lemma hyper_J_mono:
  assumes "hyper_J J" and "eventually (\<lambda>n. \<phi> n \<le> \<psi> n) sequentially"
  shows "J \<phi> \<le> J \<psi>"
proof -
  obtain N where N: "\<And>n. n \<ge> N \<Longrightarrow> \<phi> n \<le> \<psi> n"
    using assms(2) unfolding eventually_sequentially by blast
  have "J (\<lambda>n. 0) \<le> J (\<lambda>n. \<psi> n - \<phi> n)"
  proof (rule hyper_J_const_le[OF assms(1), of "N + 1"])
    fix n :: nat
    assume "1 \<le> n"
    then have "N \<le> (N + 1) * n"
      by (metis le_add1 mult.commute mult_le_mono1 mult_1 order_trans)
    then show "0 \<le> \<psi> ((N + 1) * n) - \<phi> ((N + 1) * n)" using N by simp
  qed simp
  then show ?thesis
    using hyper_J_diff[OF assms(1)] hyper_J_zero[OF assms(1)] by simp
qed

lemma hbounded_mult: "hbounded a \<Longrightarrow> hbounded b \<Longrightarrow> hbounded (a * b)"
proof -
  assume "hbounded a" "hbounded b"
  then obtain k m where "\<bar>a\<bar> < of_nat k" "\<bar>b\<bar> < of_nat m"
    unfolding hbounded_def by blast
  then have "\<bar>a * b\<bar> < of_nat (k * m)"
    by (simp add: abs_mult mult_strict_mono')
  then show "hbounded (a * b)" unfolding hbounded_def by blast
qed

lemma hbounded_one: "hbounded 1"
  unfolding hbounded_def by (rule exI[of _ 2]) simp

lemma hsim_refl: "a \<noteq> 0 \<Longrightarrow> hsim a a"
  unfolding hsim_def using hbounded_one by simp

lemma hsim_sym: "hsim a b \<Longrightarrow> hsim b a"
  unfolding hsim_def by blast
(* Chain: fit(new) <= wls(Mb, Ab) + c0 <= wls(M, Ab) + c0 (M-step), the A-step trades
   wls(M, Ab) - wls(M, A) against the linear term, the tangent bound controls the penalty by
   the same linear term, and fit(old) = wls(M, A) + c0 closes the chain. *)
theorem theorem2:
  fixes X :: "real^'n^'l" and M :: "real^'k^'l" and A :: "real^'n^'k"
    and h :: "real^'n" and lam xi :: real
  assumes X_nonneg: "\<forall>l n. X $ l $ n \<ge> 0"
    and M_nonneg: "\<forall>l k. M $ l $ k \<ge> 0"
    and A_nonneg: "\<forall>k n. A $ k $ n \<ge> 0"
    and lam: "lam \<ge> 0" and xi: "xi > 0"
    and h: "\<forall>n. 0 \<le> h $ n \<and> h $ n \<le> 1/2"
    and rows: "\<forall>l. (M ** A - X) $ l \<noteq> 0"
    and denA_pos: "\<forall>k n. denomA lam xi h X M A $ k $ n > 0"
    and denM_pos: "\<forall>l k. (Umat X M A ** M ** updA lam xi h X M A
                            ** transpose (updA lam xi h X M A)) $ l $ k > 0"
  shows "objective lam xi h X
           (updM (Umat X M A) X M (updA lam xi h X M A)) (updA lam xi h X M A)
         \<le> objective lam xi h X M A"
proof -
  define s where "s l = norm ((M ** A - X) $ l)" for l
  define \<omega> :: "'l \<Rightarrow> 'n \<Rightarrow> real" where "\<omega> = (\<lambda>l n. 1 / (2 * s l))"
  define c where "c k n = lam * (1 - h $ n) * (A $ k $ n + xi) powr (- h $ n)" for k n
  define Ab where "Ab = updA lam xi h X M A"
  define Mb where "Mb = updM (Umat X M A) X M Ab"
  have s_pos: "s l > 0" for l using rows by (simp add: s_def)
  have h01: "0 \<le> h $ n \<and> h $ n \<le> 1" for n using h[rule_format, of n] by linarith
  have Ab_nonneg: "Ab $ k $ n \<ge> 0" for k n
    unfolding Ab_def by (rule updA_nonneg) (use X_nonneg M_nonneg A_nonneg denA_pos in auto)
  have fit_new: "norm21 (X - Mb ** Ab) \<le> wls \<omega> (entries X) (entries Mb) (entries Ab) + sum s UNIV / 2"
    using norm21_residual_majorant[of s, OF s_pos] by (simp add: \<omega>_def)
  have fit_old: "norm21 (X - M ** A) = wls \<omega> (entries X) (entries M) (entries A) + sum s UNIV / 2"
    using norm21_residual_majorant_eq[of X M A s, OF _ s_pos] by (simp add: \<omega>_def s_def norm_minus_commute)
  have M_step: "wls \<omega> (entries X) (entries Mb) (entries Ab) \<le> wls \<omega> (entries X) (entries M) (entries Ab)"
    using M_step_descent[of "Umat X M A" M Ab X] M_nonneg Ab_nonneg denM_pos
    by (simp add: Umat_entry Mb_def Ab_def \<omega>_def s_def)
  have A_step: "wls \<omega> (entries X) (entries M) (entries Ab) + 2 * (\<Sum>k\<in>UNIV. \<Sum>n\<in>UNIV. c k n * Ab $ k $ n)
      \<le> wls \<omega> (entries X) (entries M) (entries A) + 2 * (\<Sum>k\<in>UNIV. \<Sum>n\<in>UNIV. c k n * A $ k $ n)"
    using A_step_descent[of M A lam h xi X] M_nonneg A_nonneg lam h01 denA_pos
    by (simp add: \<omega>_def s_def c_def Ab_def)
  have penalty: "lam * norm1 (pow_1mH Ab xi h) \<le> lam * norm1 (pow_1mH A xi h)
      + (\<Sum>k\<in>UNIV. \<Sum>n\<in>UNIV. c k n * Ab $ k $ n) - (\<Sum>k\<in>UNIV. \<Sum>n\<in>UNIV. c k n * A $ k $ n)"
    using penalty_tangent_bound[of A xi Ab h lam] A_nonneg Ab_nonneg xi h01 lam
    by (simp add: c_def add_nonneg_pos right_diff_distrib sum_subtractf)
  show ?thesis
    unfolding objective_def Ab_def[symmetric] Mb_def[symmetric]
    using fit_new fit_old M_step A_step penalty by linarith
qed
(* Let $\alpha \in [0,1)$ and $k \in \{0,\dots,m-1\}$. For the homogeneous sample $\mathbf{S}_k = (S_k,\dots,S_k) \in \Omega$, $$B^*(\mathbf{S}_k) = S_{\min}\left(1 - \sqrt[n]{\alpha}\right) + S_k \sqrt[n]{\alpha},$$ where $B^*(\mathbf{S}_k)$ is the highest value assigned to $\mathbf{S}_k$ by any valid bound.
   Context: Fix integers $m \ge 2$, $n \ge 1$ and reals $S_{\min} < S_{\max}$; $S = \{S_0,\dots,S_{m-1}\}$ with $S_k = S_{\min} + k\frac{S_{\max}-S_{\min}}{m-1}$. $\mathcal{F}$ is the set of probability distributions on $S$; $E[F]$ is the mean. $\Omega$ is the set of samples of size $n$ from $S$, identified with their sorted versions. For $F \in \mathcal{F}$, $\mathbf{X}$ denotes a sample of $n$ i.i.d. draws from $F$. A bound is a function $B:\Omega\to\mathbb{R}$; it is valid (at level $1-\alpha$) if $P_F[B(\mathbf{X}) \le E[F]] \ge 1-\alpha$ for every $F \in \mathcal{F}$. *)

theory Defs
  imports Main "HOL-Library.Multiset" "HOL-Library.FuncSet" Complex_Main
begin

definition grid :: "nat \<Rightarrow> real \<Rightarrow> real \<Rightarrow> nat \<Rightarrow> real" where
  "grid m Smin Smax k = Smin + real k * (Smax - Smin) / (real m - 1)"

text \<open>A distribution F on S, given by its probability mass p k on S_k, k < m.\<close>
definition is_distr :: "nat \<Rightarrow> (nat \<Rightarrow> real) \<Rightarrow> bool" where
  "is_distr m p \<longleftrightarrow> (\<forall>k<m. 0 \<le> p k) \<and> (\<Sum>k<m. p k) = 1"

definition mean :: "nat \<Rightarrow> real \<Rightarrow> real \<Rightarrow> (nat \<Rightarrow> real) \<Rightarrow> real" where
  "mean m Smin Smax p = (\<Sum>k<m. p k * grid m Smin Smax k)"

text \<open>Samples (sorted, i.e. unordered) of size n are represented as multisets of indices
  into S; an ordered i.i.d. draw is a function x : {0..<n} -> {0..<m}.\<close>
definition sample_of :: "nat \<Rightarrow> (nat \<Rightarrow> nat) \<Rightarrow> nat multiset" where
  "sample_of n x = image_mset x (mset_set {0..<n})"

text \<open>P_F[B(X) \<le> E[F]] for X consisting of n i.i.d. draws from F.\<close>
definition prob_below_mean ::
  "nat \<Rightarrow> nat \<Rightarrow> real \<Rightarrow> real \<Rightarrow> (nat multiset \<Rightarrow> real) \<Rightarrow> (nat \<Rightarrow> real) \<Rightarrow> real" where
  "prob_below_mean m n Smin Smax B p =
     (\<Sum>x \<in> {0..<n} \<rightarrow>\<^sub>E {0..<m}.
        (if B (sample_of n x) \<le> mean m Smin Smax p then (\<Prod>i<n. p (x i)) else 0))"

definition valid_bound ::
  "nat \<Rightarrow> nat \<Rightarrow> real \<Rightarrow> real \<Rightarrow> real \<Rightarrow> (nat multiset \<Rightarrow> real) \<Rightarrow> bool" where
  "valid_bound m n Smin Smax \<alpha> B \<longleftrightarrow>
     (\<forall>p. is_distr m p \<longrightarrow> prob_below_mean m n Smin Smax B p \<ge> 1 - \<alpha>)"

definition hom_sample :: "nat \<Rightarrow> nat \<Rightarrow> nat multiset" where
  "hom_sample n k = replicate_mset n k"

end

theory Submission
  imports Defs
begin

text \<open>
  If a valid bound B gave the homogeneous sample a value above
  v = S_min + \<alpha>^(1/n) (S_k - S_min), put mass q on S_k and 1 - q on S_min, with
  \<alpha>^(1/n) < q close enough to \<alpha>^(1/n) that the mean S_min + q (S_k - S_min) is still
  below B(S_k, ..., S_k). Then B exceeds the mean on the all-k draw, whose probability
  is q^n > \<alpha>, so B is not valid. Conversely, the bound equal to v on the homogeneous
  sample and to S_min elsewhere is valid: S_min is below every mean, and if v is above
  the mean of F then F(S_k) < \<alpha>^(1/n), so the only failing draw has probability
  F(S_k)^n \<le> \<alpha>.
\<close>

lemma sample_of_eq_hom_sample_iff:
  assumes "x \<in> extensional {0..<n}"
  shows "sample_of n x = hom_sample n k \<longleftrightarrow> x = restrict (\<lambda>_. k) {0..<n}"
proof
  assume hom: "sample_of n x = hom_sample n k"
  show "x = restrict (\<lambda>_. k) {0..<n}"
  proof (rule extensionalityI[OF assms])
    show "restrict (\<lambda>_. k) {0..<n} \<in> extensional {0..<n}" by simp
    fix i assume "i \<in> {0..<n}"
    then have "x i \<in># sample_of n x" by (simp add: sample_of_def)
    with hom \<open>i \<in> {0..<n}\<close> show "x i = restrict (\<lambda>_. k) {0..<n} i"
      by (simp add: hom_sample_def split: if_splits)
  qed
next
  assume "x = restrict (\<lambda>_. k) {0..<n}"
  then have "sample_of n x = image_mset (\<lambda>_. k) (mset_set {0..<n})"
    unfolding sample_of_def by (intro image_mset_cong) auto
  then show "sample_of n x = hom_sample n k"
    by (simp add: hom_sample_def image_mset_const_eq)
qed

lemma sum_draw_weights:
  fixes n :: nat
  assumes "is_distr m p"
  shows "(\<Sum>x \<in> {0..<n} \<rightarrow>\<^sub>E {0..<m}. \<Prod>i<n. p (x i)) = 1"
proof -
  have "(\<Sum>x \<in> {0..<n} \<rightarrow>\<^sub>E {0..<m}. \<Prod>i<n. p (x i))
      = (\<Sum>x \<in> {0..<n} \<rightarrow>\<^sub>E {0..<m}. \<Prod>i\<in>{0..<n}. p (x i))"
    by (simp only: atLeast0LessThan)
  also have "\<dots> = (\<Prod>i\<in>{0..<n}. \<Sum>j\<in>{0..<m}. p j)"
    by (rule prod_sum_PiE[symmetric]) auto
  also have "\<dots> = 1"
    using assms by (simp add: is_distr_def atLeast0LessThan)
  finally show ?thesis .
qed

lemma draw_weight_nonneg:
  fixes n :: nat
  assumes "is_distr m p" "x \<in> {0..<n} \<rightarrow>\<^sub>E {0..<m}"
  shows "0 \<le> (\<Prod>i<n. p (x i))"
proof (intro prod_nonneg)
  fix i assume "i \<in> {..<n}"
  then have "x i < m" using PiE_mem[OF assms(2), of i] by simp
  with assms(1) show "0 \<le> p (x i)" by (simp add: is_distr_def)
qed

lemma sum_draw_weights_except_const:
  assumes "is_distr m p" "k < m"
  shows "(\<Sum>x \<in> {0..<n} \<rightarrow>\<^sub>E {0..<m}.
            if x = restrict (\<lambda>_. k) {0..<n} then 0 else \<Prod>i<n. p (x i)) = 1 - p k ^ n"
proof -
  let ?D = "{0..<n} \<rightarrow>\<^sub>E {0..<m}" and ?c = "restrict (\<lambda>_. k) {0..<n}"
  let ?w = "\<lambda>x. \<Prod>i<n. p (x i)"
  have c: "?c \<in> ?D" and fin: "finite ?D"
    using assms(2) by (auto simp: finite_PiE)
  have "(\<Sum>x\<in>?D - {?c}. if x = ?c then 0 else ?w x) = (\<Sum>x\<in>?D - {?c}. ?w x)"
    by (rule sum.cong) auto
  then have "(\<Sum>x\<in>?D. if x = ?c then 0 else ?w x) = (\<Sum>x\<in>?D - {?c}. ?w x)"
    using sum.remove[OF fin c, of "\<lambda>x. if x = ?c then 0 else ?w x"] by simp
  also have "\<dots> = 1 - ?w ?c"
    using sum.remove[OF fin c, of ?w] sum_draw_weights[OF assms(1)] by simp
  finally show ?thesis by simp
qed

lemma prob_below_mean_le_if_hom_sample_above_mean:
  assumes "is_distr m p" "k < m" "mean m Smin Smax p < B (hom_sample n k)"
  shows "prob_below_mean m n Smin Smax B p \<le> 1 - p k ^ n"
  unfolding prob_below_mean_def sum_draw_weights_except_const[OF assms(1,2), symmetric]
proof (rule sum_mono)
  fix x assume x: "x \<in> {0..<n} \<rightarrow>\<^sub>E {0..<m}"
  have "sample_of n x = hom_sample n k \<longleftrightarrow> x = restrict (\<lambda>_. k) {0..<n}"
    using x by (intro sample_of_eq_hom_sample_iff) (simp add: PiE_iff)
  with assms(3) draw_weight_nonneg[OF assms(1) x]
  show "(if B (sample_of n x) \<le> mean m Smin Smax p then \<Prod>i<n. p (x i) else 0)
      \<le> (if x = restrict (\<lambda>_. k) {0..<n} then 0 else \<Prod>i<n. p (x i))"
    by auto
qed

lemma prob_below_mean_ge_if_others_below_mean:
  assumes "is_distr m p" "k < m"
    and "\<And>s. s \<noteq> hom_sample n k \<Longrightarrow> B s \<le> mean m Smin Smax p"
  shows "1 - p k ^ n \<le> prob_below_mean m n Smin Smax B p"
  unfolding prob_below_mean_def sum_draw_weights_except_const[OF assms(1,2), symmetric]
proof (rule sum_mono)
  fix x assume x: "x \<in> {0..<n} \<rightarrow>\<^sub>E {0..<m}"
  have "sample_of n x = hom_sample n k \<longleftrightarrow> x = restrict (\<lambda>_. k) {0..<n}"
    using x by (intro sample_of_eq_hom_sample_iff) (simp add: PiE_iff)
  with assms(3)[of "sample_of n x"] draw_weight_nonneg[OF assms(1) x]
  show "(if x = restrict (\<lambda>_. k) {0..<n} then 0 else \<Prod>i<n. p (x i))
      \<le> (if B (sample_of n x) \<le> mean m Smin Smax p then \<Prod>i<n. p (x i) else 0)"
    by auto
qed

lemma prob_below_mean_eq_1_if_below_mean:
  assumes "is_distr m p" "\<And>s. B s \<le> mean m Smin Smax p"
  shows "prob_below_mean m n Smin Smax B p = 1"
  using assms(2) sum_draw_weights[OF assms(1)] by (simp add: prob_below_mean_def)

lemma grid_ge_Smin:
  assumes "1 \<le> m" "Smin \<le> Smax"
  shows "Smin \<le> grid m Smin Smax j"
  using assms by (simp add: grid_def)

lemma mean_ge_mass:
  assumes "1 \<le> m" "Smin \<le> Smax" "is_distr m p" "k < m"
  shows "Smin + p k * (grid m Smin Smax k - Smin) \<le> mean m Smin Smax p"
proof -
  have "p k * (grid m Smin Smax k - Smin) \<le> (\<Sum>j<m. p j * (grid m Smin Smax j - Smin))"
    using assms grid_ge_Smin[OF assms(1,2)]
    by (intro member_le_sum[where f = "\<lambda>j. p j * (grid m Smin Smax j - Smin)"])
       (auto simp: is_distr_def)
  also have "\<dots> = mean m Smin Smax p - Smin * (\<Sum>j<m. p j)"
    by (simp add: mean_def algebra_simps sum_subtractf sum_distrib_left)
  also have "\<dots> = mean m Smin Smax p - Smin"
    using assms(3) by (simp add: is_distr_def)
  finally show ?thesis by simp
qed

lemma mean_ge_Smin:
  assumes "1 \<le> m" "Smin \<le> Smax" "is_distr m p"
  shows "Smin \<le> mean m Smin Smax p"
proof -
  have "0 \<le> p 0 * (grid m Smin Smax 0 - Smin)"
    using assms by (simp add: is_distr_def grid_def)
  with mean_ge_mass[OF assms, of 0] assms(1) show ?thesis by simp
qed

text \<open>Mass q on S_k and 1 - q on S_0 = S_min; for k = 0 this is the point mass at S_0,
  so in general only q \<le> two_point k q k.\<close>

definition two_point :: "nat \<Rightarrow> real \<Rightarrow> nat \<Rightarrow> real" where
  "two_point k q j = (if j = k then q else 0) + (if j = 0 then 1 - q else 0)"

lemma is_distr_two_point:
  assumes "k < m" "0 \<le> q" "q \<le> 1"
  shows "is_distr m (two_point k q)"
  using assms by (simp add: is_distr_def two_point_def sum.distrib)

lemma mean_two_point:
  assumes "k < m"
  shows "mean m Smin Smax (two_point k q) = Smin + q * (grid m Smin Smax k - Smin)"
proof -
  have "mean m Smin Smax (two_point k q)
      = (\<Sum>j<m. (if j = k then q * grid m Smin Smax k else 0)
               + (if j = 0 then (1 - q) * grid m Smin Smax 0 else 0))"
    unfolding mean_def by (intro sum.cong) (auto simp: two_point_def algebra_simps)
  also have "\<dots> = q * grid m Smin Smax k + (1 - q) * grid m Smin Smax 0"
    using assms by (simp add: sum.distrib)
  finally show ?thesis by (simp add: grid_def algebra_simps)
qed

lemma ex_between_scaled:
  fixes r d c :: real
  assumes "r < 1" "0 \<le> d" "r * d < c"
  obtains q where "r < q" "q \<le> 1" "q * d < c"
proof (cases "d = 0")
  case True
  with assms that[of 1] show ?thesis by simp
next
  case False
  with assms have "r < min 1 (c / d)" by (simp add: field_simps)
  then obtain q where q: "r < q" "q < min 1 (c / d)" using dense by blast
  with \<open>d \<noteq> 0\<close> assms(2) have "q * d < c" by (simp add: field_simps)
  with q that show ?thesis by simp
qed

lemma valid_bound_hom_sample_le:
  assumes "1 \<le> m" "n \<ge> 1" "Smin \<le> Smax" "0 \<le> \<alpha>" "\<alpha> < 1" "k < m"
    and "valid_bound m n Smin Smax \<alpha> B"
  shows "B (hom_sample n k) \<le> Smin + root n \<alpha> * (grid m Smin Smax k - Smin)"
proof (rule ccontr)
  let ?r = "root n \<alpha>" and ?d = "grid m Smin Smax k - Smin"
  assume "\<not> ?thesis"
  then have "?r * ?d < B (hom_sample n k) - Smin" by simp
  moreover have "?r < 1" "0 \<le> ?r" using assms by simp_all
  moreover have "0 \<le> ?d" using grid_ge_Smin[OF assms(1,3)] by simp
  ultimately obtain q where q: "?r < q" "q \<le> 1" "q * ?d < B (hom_sample n k) - Smin"
    using ex_between_scaled by metis
  have p: "is_distr m (two_point k q)"
    using is_distr_two_point[OF assms(6)] q \<open>0 \<le> ?r\<close> by simp
  have "\<alpha> = ?r ^ n" using assms by simp
  also have "\<dots> < q ^ n" using q \<open>0 \<le> ?r\<close> assms(2) by (intro power_strict_mono) simp_all
  also have "\<dots> \<le> two_point k q k ^ n"
    using q \<open>0 \<le> ?r\<close> by (intro power_mono) (simp_all add: two_point_def)
  also have "\<dots> \<le> 1 - prob_below_mean m n Smin Smax B (two_point k q)"
  proof -
    have "mean m Smin Smax (two_point k q) < B (hom_sample n k)"
      using q(3) by (simp add: mean_two_point[OF assms(6)])
    then have "prob_below_mean m n Smin Smax B (two_point k q) \<le> 1 - two_point k q k ^ n"
      by (rule prob_below_mean_le_if_hom_sample_above_mean[OF p assms(6)])
    then show ?thesis by linarith
  qed
  finally have "\<alpha> < 1 - prob_below_mean m n Smin Smax B (two_point k q)" .
  moreover have "1 - \<alpha> \<le> prob_below_mean m n Smin Smax B (two_point k q)"
    using assms(7) p unfolding valid_bound_def by blast
  ultimately show False by linarith
qed

lemma valid_bound_extremal:
  assumes "1 \<le> m" "n \<ge> 1" "Smin \<le> Smax" "0 \<le> \<alpha>" "k < m"
  defines "v \<equiv> Smin + root n \<alpha> * (grid m Smin Smax k - Smin)"
  shows "valid_bound m n Smin Smax \<alpha> (\<lambda>s. if s = hom_sample n k then v else Smin)"
  unfolding valid_bound_def
proof (intro allI impI)
  fix p assume p: "is_distr m p"
  let ?B = "\<lambda>s. if s = hom_sample n k then v else Smin" and ?M = "mean m Smin Smax p"
  have Smin_le_mean: "Smin \<le> ?M" using mean_ge_Smin[OF assms(1,3) p] .
  show "1 - \<alpha> \<le> prob_below_mean m n Smin Smax ?B p"
  proof (cases "p k \<le> root n \<alpha>")
    case True
    have "p k ^ n \<le> root n \<alpha> ^ n"
      using True p assms(5) by (intro power_mono) (auto simp: is_distr_def)
    also have "\<dots> = \<alpha>" using assms by simp
    finally have "p k ^ n \<le> \<alpha>" .
    moreover have "1 - p k ^ n \<le> prob_below_mean m n Smin Smax ?B p"
      by (rule prob_below_mean_ge_if_others_below_mean[OF p assms(5)]) (simp add: Smin_le_mean)
    ultimately show ?thesis by simp
  next
    case False
    have "root n \<alpha> * (grid m Smin Smax k - Smin) \<le> p k * (grid m Smin Smax k - Smin)"
      using False grid_ge_Smin[OF assms(1,3), of k] by (intro mult_right_mono) simp_all
    then have "v \<le> Smin + p k * (grid m Smin Smax k - Smin)"
      unfolding v_def by linarith
    also have "\<dots> \<le> ?M" using mean_ge_mass[OF assms(1,3) p assms(5)] .
    finally have "?B s \<le> ?M" for s
      using Smin_le_mean by simp
    then have "prob_below_mean m n Smin Smax ?B p = 1"
      by (rule prob_below_mean_eq_1_if_below_mean[OF p])
    with assms(4) show ?thesis by simp
  qed
qed

theorem theorem2:
  fixes m n k :: nat and Smin Smax \<alpha> :: real
  assumes "m \<ge> 2" "n \<ge> 1" "Smin < Smax"
    and "0 \<le> \<alpha>" "\<alpha> < 1" "k < m"
  shows "(\<exists>B. valid_bound m n Smin Smax \<alpha> B \<and>
            B (hom_sample n k) = Smin * (1 - root n \<alpha>) + grid m Smin Smax k * root n \<alpha>)
       \<and> (\<forall>B. valid_bound m n Smin Smax \<alpha> B \<longrightarrow>
            B (hom_sample n k) \<le> Smin * (1 - root n \<alpha>) + grid m Smin Smax k * root n \<alpha>)"
proof -
  have m: "1 \<le> m" and S: "Smin \<le> Smax" using assms by simp_all
  have v: "Smin * (1 - root n \<alpha>) + grid m Smin Smax k * root n \<alpha>
      = Smin + root n \<alpha> * (grid m Smin Smax k - Smin)"
    by (simp add: algebra_simps)
  show ?thesis
    unfolding v
    using valid_bound_extremal[OF m assms(2) S assms(4,6)]
      valid_bound_hom_sample_le[OF m assms(2) S assms(4,5,6)]
    by (intro conjI exI[where x = "\<lambda>s. if s = hom_sample n k
        then Smin + root n \<alpha> * (grid m Smin Smax k - Smin) else Smin"]) simp_all
qed

end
================================
■ ACTION ITEM
Copy verbatim, from the listing above, each line from the one containing "real \<Rightarrow> real \<Rightarrow> real" down to the one containing "below B(S_k, ..., S_k).", inclusive.

■ RESPONSE
  "nat \<Rightarrow> nat \<Rightarrow> real \<Rightarrow> real \<Rightarrow> real \<Rightarrow> (nat multiset \<Rightarrow> real) \<Rightarrow> bool" where
  "valid_bound m n Smin Smax \<alpha> B \<longleftrightarrow>
     (\<forall>p. is_distr m p \<longrightarrow> prob_below_mean m n Smin Smax B p \<ge> 1 - \<alpha>)"

definition hom_sample :: "nat \<Rightarrow> nat \<Rightarrow> nat multiset" where
  "hom_sample n k = replicate_mset n k"

end

theory Submission
  imports Defs
begin

text \<open>
  If a valid bound B gave the homogeneous sample a value above
  v = S_min + \<alpha>^(1/n) (S_k - S_min), put mass q on S_k and 1 - q on S_min, with
  \<alpha>^(1/n) < q close enough to \<alpha>^(1/n) that the mean S_min + q (S_k - S_min) is still
  below B(S_k, ..., S_k). Then B exceeds the mean on the all-k draw, whose probability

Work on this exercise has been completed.